Description of the task =
Provide again, from the entries below, every line from the one containing "using that closed dense_complement" through the one containing "text \<open>The one-point", exactly as written, and no other line.

Records from a data collection
(* There exists a compact Hausdorff space $Y$ such that $\mathrm{K}_1^w(\mathbb R,Y)\setminus \mathrm{H}_1(\mathbb R,Y)\neq\emptyset$.
   Context: $\mathrm{H}_1(X,Y)$: mappings $f:X\to Y$ with $f^{-1}(V)$ an $F_\sigma$-set for every open $V\subseteq Y$. $\mathrm{K}_1^w(X,Y)$: mappings $f:X\to Y$ with $f^{-1}(V)$ a countable union of functionally closed subsets of $X$ for every functionally open $V\subseteq Y$ (functionally closed = zero set of a continuous real function; functionally open = complement of such). *)

theory Defs
  imports "HOL-Analysis.Analysis"
begin

definition functionally_closedin :: "'a topology \<Rightarrow> 'a set \<Rightarrow> bool" where
  "functionally_closedin X S \<longleftrightarrow>
     (\<exists>g. continuous_map X euclideanreal g \<and> S = {x \<in> topspace X. g x = 0})"

definition functionally_openin :: "'a topology \<Rightarrow> 'a set \<Rightarrow> bool" where
  "functionally_openin X U \<longleftrightarrow>
     U \<subseteq> topspace X \<and> functionally_closedin X (topspace X - U)"

definition H1 :: "'a topology \<Rightarrow> 'b topology \<Rightarrow> ('a \<Rightarrow> 'b) set" where
  "H1 X Y = {f. (\<forall>x\<in>topspace X. f x \<in> topspace Y) \<and>
      (\<forall>V. openin Y V \<longrightarrow> fsigma_in X {x \<in> topspace X. f x \<in> V})}"

definition K1w :: "'a topology \<Rightarrow> 'b topology \<Rightarrow> ('a \<Rightarrow> 'b) set" where
  "K1w X Y = {f. (\<forall>x\<in>topspace X. f x \<in> topspace Y) \<and>
      (\<forall>V. functionally_openin Y V \<longrightarrow>
         (\<exists>F :: nat \<Rightarrow> 'a set. (\<forall>n. functionally_closedin X (F n)) \<and>
             {x \<in> topspace X. f x \<in> V} = (\<Union>n. F n)))}"

end

theory Submission
  imports Defs
begin

text \<open>Take for \<open>Y\<close> the one-point compactification of a discrete copy of \<open>\<real>\<close> and let
  \<open>f : \<real> \<rightarrow> Y\<close> be the inclusion. Every subset of the discrete part is open in \<open>Y\<close>, so
  \<open>f \<in> H\<^sub>1\<close> would force every set of reals, in particular the irrationals, to be
  \<open>F\<^sub>\<sigma>\<close>, contradicting Baire's theorem. On the other hand a functionally open set of \<open>Y\<close>
  is either a cozero set of a function vanishing at infinity, hence countable, or a
  cofinite neighbourhood of infinity; its preimage is therefore countable or open,
  thus \<open>F\<^sub>\<sigma>\<close>, and in a metric space \<open>F\<^sub>\<sigma>\<close> sets are countable unions of zero sets.\<close>

lemma functionally_closedin_closed:
  assumes "closed (C :: 'a::metric_space set)"
  shows "functionally_closedin euclidean C"
proof (cases "C = {}")
  case True
  then show ?thesis
    unfolding functionally_closedin_def by (intro exI[of _ "\<lambda>_. 1"]) auto
next
  case False
  then show ?thesis
    unfolding functionally_closedin_def
    using in_closed_iff_infdist_zero[OF assms False]
    by (intro exI[of _ "\<lambda>x. infdist x C"]) (auto intro!: continuous_intros)
qed

lemma fsigma_in_imp_Union_functionally_closedin:
  fixes S :: "'a::metric_space set"
  assumes "fsigma_in euclidean S"
  obtains F :: "nat \<Rightarrow> 'a set"
  where "\<And>n. functionally_closedin euclidean (F n)" "S = (\<Union>n. F n)"
proof -
  obtain C :: "nat \<Rightarrow> 'a set" where "\<And>n. closedin euclidean (C n)" "(\<Union>n. C n) = S"
    using fsigma_in_ascending[THEN iffD1, OF assms] by blast
  then show thesis
    using that[of C] functionally_closedin_closed by auto
qed

lemma countable_imp_fsigma_in:
  assumes "countable (S :: 'a::t1_space set)"
  shows "fsigma_in euclidean S"
proof -
  have "fsigma_in euclidean (\<Union>x\<in>S. {x})"
    by (rule fsigma_in_Union) (auto intro: closed_imp_fsigma_in simp: assms)
  then show ?thesis by simp
qed

lemma irrationals_not_fsigma_in: "\<not> fsigma_in euclidean (- \<rat> :: real set)"
proof
  assume "fsigma_in euclidean (- \<rat> :: real set)"
  then obtain C :: "nat \<Rightarrow> real set"
    where "\<And>n. closedin euclidean (C n)" and irr: "(\<Union>n. C n) = - \<rat>"
    by (metis fsigma_in_ascending)
  then have closed: "closed (C n)" for n
    by simp
  have "interior (C n) = {}" for n
  proof -
    have "interior (C n) \<inter> closure \<rat> = {}"
      using irr interior_subset[of "C n"] by (auto simp: open_Int_closure_eq_empty)
    then show ?thesis by (simp add: Rats_closure_real)
  qed
  then have dense_complement: "closure (- C n) = UNIV" for n
    by (simp add: closure_complement)
  \<comment> \<open>Baire: the dense open sets \<open>- C n\<close> and \<open>- {q}\<close>, \<open>q \<in> \<rat>\<close>, have empty intersection.\<close>
  define \<G> where "\<G> = range (\<lambda>n. - C n) \<union> (\<lambda>q. - {q}) ` \<rat>"
  have "countable \<G>"
    unfolding \<G>_def by (auto intro: countable_rat)
  moreover have "openin (top_of_set UNIV) T \<and> UNIV \<subseteq> closure T" if "T \<in> \<G>" for T
    using that closed dense_complement
    by (auto simp: \<G>_def open_Compl closure_complement)
  ultimately have "UNIV \<subseteq> closure (\<Inter>\<G>)"
    by (intro Baire) auto
  moreover have "x \<notin> \<Inter>\<G>" for x
  proof (cases "x \<in> \<rat>")
    case False
    then obtain n where "x \<in> C n"
      using irr by auto
    then show ?thesis by (auto simp: \<G>_def)
  qed (auto simp: \<G>_def)
  then have "\<Inter>\<G> = {}" by blast
  ultimately show False by simp
qed

text \<open>The one-point compactification of the discrete space \<open>S\<close>, with \<open>p\<close> as the point at
  infinity; it is only meaningful (and Hausdorff) when \<open>p \<notin> S\<close>.\<close>

definition alexandroff_discrete :: "'a set \<Rightarrow> 'a \<Rightarrow> 'a topology" where
  "alexandroff_discrete S p = topology (\<lambda>U. U \<subseteq> insert p S \<and> (p \<in> U \<longrightarrow> finite (S - U)))"

lemma istopology_alexandroff_discrete:
  "istopology (\<lambda>U. U \<subseteq> insert p S \<and> (p \<in> U \<longrightarrow> finite (S - U)))"
  unfolding istopology_def
proof (rule conjI; intro allI impI)
  fix U V :: "'a set"
  assume "U \<subseteq> insert p S \<and> (p \<in> U \<longrightarrow> finite (S - U))"
    and "V \<subseteq> insert p S \<and> (p \<in> V \<longrightarrow> finite (S - V))"
  then show "U \<inter> V \<subseteq> insert p S \<and> (p \<in> U \<inter> V \<longrightarrow> finite (S - U \<inter> V))"
    by (auto simp: Diff_Int)
next
  fix \<K> :: "'a set set"
  assume \<K>: "\<forall>K\<in>\<K>. K \<subseteq> insert p S \<and> (p \<in> K \<longrightarrow> finite (S - K))"
  show "\<Union>\<K> \<subseteq> insert p S \<and> (p \<in> \<Union>\<K> \<longrightarrow> finite (S - \<Union>\<K>))"
  proof (intro conjI impI)
    assume "p \<in> \<Union>\<K>"
    then obtain K where "K \<in> \<K>" "p \<in> K" by blast
    then show "finite (S - \<Union>\<K>)"
      using \<K> by (blast intro: finite_subset[of _ "S - K"])
  qed (use \<K> in blast)
qed

lemma openin_alexandroff_discrete:
  "openin (alexandroff_discrete S p) U \<longleftrightarrow> U \<subseteq> insert p S \<and> (p \<in> U \<longrightarrow> finite (S - U))"
  by (simp add: alexandroff_discrete_def istopology_alexandroff_discrete)

lemma topspace_alexandroff_discrete: "topspace (alexandroff_discrete S p) = insert p S"
proof (rule subset_antisym)
  show "topspace (alexandroff_discrete S p) \<subseteq> insert p S"
    using openin_topspace[of "alexandroff_discrete S p"]
    unfolding openin_alexandroff_discrete by blast
  show "insert p S \<subseteq> topspace (alexandroff_discrete S p)"
    by (rule openin_subset) (simp add: openin_alexandroff_discrete)
qed

lemma finite_closedin_alexandroff_discrete:
  assumes "closedin (alexandroff_discrete S p) C" "p \<notin> C"
  shows "finite C"
proof -
  have "finite (S - (insert p S - C))"
    using assms openin_diff[OF openin_topspace assms(1)]
    by (simp add: openin_alexandroff_discrete topspace_alexandroff_discrete)
  moreover have "C \<subseteq> S - (insert p S - C)"
    using assms closedin_subset by (fastforce simp: topspace_alexandroff_discrete)
  ultimately show ?thesis by (rule finite_subset[rotated])
qed

lemma compact_space_alexandroff_discrete: "compact_space (alexandroff_discrete S p)"
  unfolding compact_space_def compactin_def topspace_alexandroff_discrete
proof (intro conjI allI impI)
  fix \<U> assume \<U>: "(\<forall>U\<in>\<U>. openin (alexandroff_discrete S p) U) \<and> insert p S \<subseteq> \<Union>\<U>"
  then obtain U\<^sub>0 where U\<^sub>0: "U\<^sub>0 \<in> \<U>" "p \<in> U\<^sub>0" by auto
  then have "finite (S - U\<^sub>0)"
    using \<U> by (auto simp: openin_alexandroff_discrete)
  moreover have "\<forall>y\<in>S - U\<^sub>0. \<exists>U\<in>\<U>. y \<in> U"
    using \<U> by blast
  then obtain h where h: "\<And>y. y \<in> S - U\<^sub>0 \<Longrightarrow> h y \<in> \<U> \<and> y \<in> h y"
    by metis
  ultimately show "\<exists>\<F>. finite \<F> \<and> \<F> \<subseteq> \<U> \<and> insert p S \<subseteq> \<Union>\<F>"
    using U\<^sub>0 by (intro exI[of _ "insert U\<^sub>0 (h ` (S - U\<^sub>0))"]) blast
qed auto

lemma Hausdorff_space_alexandroff_discrete:
  assumes "p \<notin> S"
  shows "Hausdorff_space (alexandroff_discrete S p)"
proof -
  have separated: "\<exists>U V. openin (alexandroff_discrete S p) U \<and> openin (alexandroff_discrete S p) V
      \<and> x \<in> U \<and> y \<in> V \<and> disjnt U V"
    if "x \<in> S" "y \<in> insert p S" "x \<noteq> y" for x y
  proof (intro exI conjI)
    show "openin (alexandroff_discrete S p) {x}"
      using that assms by (auto simp: openin_alexandroff_discrete)
    show "openin (alexandroff_discrete S p) (insert p S - {x})"
      using that assms by (auto simp: openin_alexandroff_discrete intro: finite_subset[of _ "{x}"])
  qed (use that in \<open>auto simp: disjnt_def\<close>)
  show ?thesis
    unfolding Hausdorff_space_def topspace_alexandroff_discrete
    by (metis disjnt_sym insertE separated)
qed

lemma countable_cozero_alexandroff_discrete:
  assumes g: "continuous_map (alexandroff_discrete S p) euclideanreal g" and "g p = 0"
  shows "countable {x \<in> S. g x \<noteq> 0}"
proof -
  define A where "A n = {x \<in> insert p S. 1 / (real n + 1) \<le> \<bar>g x\<bar>}" for n :: nat
  have A_closed: "closedin (alexandroff_discrete S p) (A n)" for n
  proof -
    have "closed {t. 1 / (real n + 1) \<le> \<bar>t\<bar>}"
      by (intro closed_Collect_le continuous_on_const continuous_on_rabs continuous_on_id)
    then have "closedin (alexandroff_discrete S p)
        {x \<in> topspace (alexandroff_discrete S p). g x \<in> {t. 1 / (real n + 1) \<le> \<bar>t\<bar>}}"
      by (intro closedin_continuous_map_preimage[OF g]) auto
    then show ?thesis
      by (simp add: A_def topspace_alexandroff_discrete)
  qed
  have "p \<notin> A n" for n
    using \<open>g p = 0\<close> by (simp add: A_def)
  then have "finite (A n)" for n
    using A_closed by (rule finite_closedin_alexandroff_discrete[rotated])
  moreover have "{x \<in> S. g x \<noteq> 0} \<subseteq> (\<Union>n. A n)"
  proof
    fix x assume x: "x \<in> {x \<in> S. g x \<noteq> 0}"
    then obtain n where "1 / (real n + 1) < \<bar>g x\<bar>"
      by (metis (mono_tags) mem_Collect_eq add.commute of_nat_Suc zero_less_abs_iff nat_approx_posE)
    with x have "x \<in> A n"
      by (simp add: A_def)
    then show "x \<in> (\<Union>n. A n)" by blast
  qed
  ultimately show ?thesis
    by (meson countable_UN countable_finite countable_subset UNIV_I countableI_type)
qed

lemma K1w_alexandroff_discrete:
  fixes f :: "'a::metric_space \<Rightarrow> 'b"
  assumes "inj f" "range f \<subseteq> insert p S"
  shows "f \<in> K1w euclidean (alexandroff_discrete S p)"
  unfolding K1w_def
proof (intro CollectI conjI allI impI ballI)
  show "f x \<in> topspace (alexandroff_discrete S p)" for x
    using assms by (auto simp: topspace_alexandroff_discrete)
next
  fix V assume "functionally_openin (alexandroff_discrete S p) V"
  then obtain g where "V \<subseteq> insert p S"
      and g: "continuous_map (alexandroff_discrete S p) euclideanreal g"
      and "insert p S - V = {y \<in> insert p S. g y = 0}"
    unfolding functionally_openin_def functionally_closedin_def topspace_alexandroff_discrete
    by auto
  then have V: "V = {y \<in> insert p S. g y \<noteq> 0}" by blast
  have "fsigma_in euclidean (f -` V)"
  proof (cases "p \<in> V")
    case True
    have "openin (alexandroff_discrete S p) {y \<in> topspace (alexandroff_discrete S p). g y \<in> - {0}}"
      by (rule openin_continuous_map_preimage[OF g]) auto
    then have "openin (alexandroff_discrete S p) V"
      by (simp add: V topspace_alexandroff_discrete)
    with True have "finite (f -` (S - V))"
      using \<open>inj f\<close> by (simp add: openin_alexandroff_discrete finite_vimageI)
    moreover have "- (f -` V) = f -` (S - V)"
      using True assms(2) by auto
    ultimately have "open (f -` V)"
      by (metis finite_imp_closed open_closed double_complement)
    then show ?thesis
      by (simp add: open_imp_fsigma_in metrizable_space_euclidean)
  next
    case False
    then have "g p = 0" "V = {x \<in> S. g x \<noteq> 0}"
      using V by blast+
    then have "countable V"
      using countable_cozero_alexandroff_discrete[OF g] by simp
    then have "countable (f ` f -` V)"
      by (rule countable_subset[OF image_vimage_subset])
    then have "countable (f -` V)"
      using inj_on_subset[OF \<open>inj f\<close> subset_UNIV] by (rule countable_image_inj_on)
    then show ?thesis
      by (rule countable_imp_fsigma_in)
  qed
  then obtain F :: "nat \<Rightarrow> 'a set"
    where "\<And>n. functionally_closedin euclidean (F n)" "f -` V = (\<Union>n. F n)"
    by (rule fsigma_in_imp_Union_functionally_closedin) blast
  then show "\<exists>F :: nat \<Rightarrow> 'a set. (\<forall>n. functionally_closedin euclidean (F n)) \<and>
      {x \<in> topspace euclidean. f x \<in> V} = (\<Union>n. F n)"
    by (intro exI[of _ F]) (auto simp: vimage_def)
qed

lemma H1_alexandroff_discrete_imp_fsigma_in:
  assumes "f \<in> H1 X (alexandroff_discrete S p)" "inj_on f (topspace X)"
    and "f ` topspace X \<subseteq> S" "p \<notin> S" "A \<subseteq> topspace X"
  shows "fsigma_in X A"
proof -
  have "openin (alexandroff_discrete S p) (f ` A)"
    using assms by (auto simp: openin_alexandroff_discrete)
  then have "fsigma_in X {x \<in> topspace X. f x \<in> f ` A}"
    using assms(1) by (simp add: H1_def)
  moreover have "{x \<in> topspace X. f x \<in> f ` A} = A"
    using assms by (auto dest: inj_onD)
  ultimately show ?thesis by simp
qed

theorem mainTheorem3:
  "\<exists>Y :: (real set \<Rightarrow> real) topology.
     compact_space Y \<and> Hausdorff_space Y \<and>
     K1w euclideanreal Y - H1 euclideanreal Y \<noteq> {}"
proof -
  define f :: "real \<Rightarrow> real set \<Rightarrow> real" where "f r = (\<lambda>_. r)" for r
  define \<omega> :: "real set \<Rightarrow> real" where "\<omega> = indicator {{}}"
  define Y where "Y = alexandroff_discrete (range f) \<omega>"
  have "inj f"
    by (rule injI) (metis f_def)
  have "\<omega> {} \<noteq> \<omega> UNIV"
    by (simp add: \<omega>_def)
  then have "\<omega> \<notin> range f"
    by (auto simp: f_def)
  have "f \<in> K1w euclideanreal Y"
    unfolding Y_def using \<open>inj f\<close> by (rule K1w_alexandroff_discrete) blast
  moreover have "f \<notin> H1 euclideanreal Y"
  proof
    assume "f \<in> H1 euclideanreal Y"
    then have "fsigma_in euclideanreal (- \<rat>)"
      unfolding Y_def
      by (rule H1_alexandroff_discrete_imp_fsigma_in) (use \<open>inj f\<close> \<open>\<omega> \<notin> range f\<close> in auto)
    with irrationals_not_fsigma_in show False ..
  qed
  moreover have "compact_space Y" "Hausdorff_space Y"
    unfolding Y_def using \<open>\<omega> \<notin> range f\<close>
    by (simp_all add: compact_space_alexandroff_discrete Hausdorff_space_alexandroff_discrete)
  ultimately show ?thesis
    by blast
qed

end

Task response =
    using that closed dense_complement
    by (auto simp: \<G>_def open_Compl closure_complement)
  ultimately have "UNIV \<subseteq> closure (\<Inter>\<G>)"
    by (intro Baire) auto
  moreover have "x \<notin> \<Inter>\<G>" for x
  proof (cases "x \<in> \<rat>")
    case False
    then obtain n where "x \<in> C n"
      using irr by auto
    then show ?thesis by (auto simp: \<G>_def)
  qed (auto simp: \<G>_def)
  then have "\<Inter>\<G> = {}" by blast
  ultimately show False by simp
qed

text \<open>The one-point compactification of the discrete space \<open>S\<close>, with \<open>p\<close> as the point at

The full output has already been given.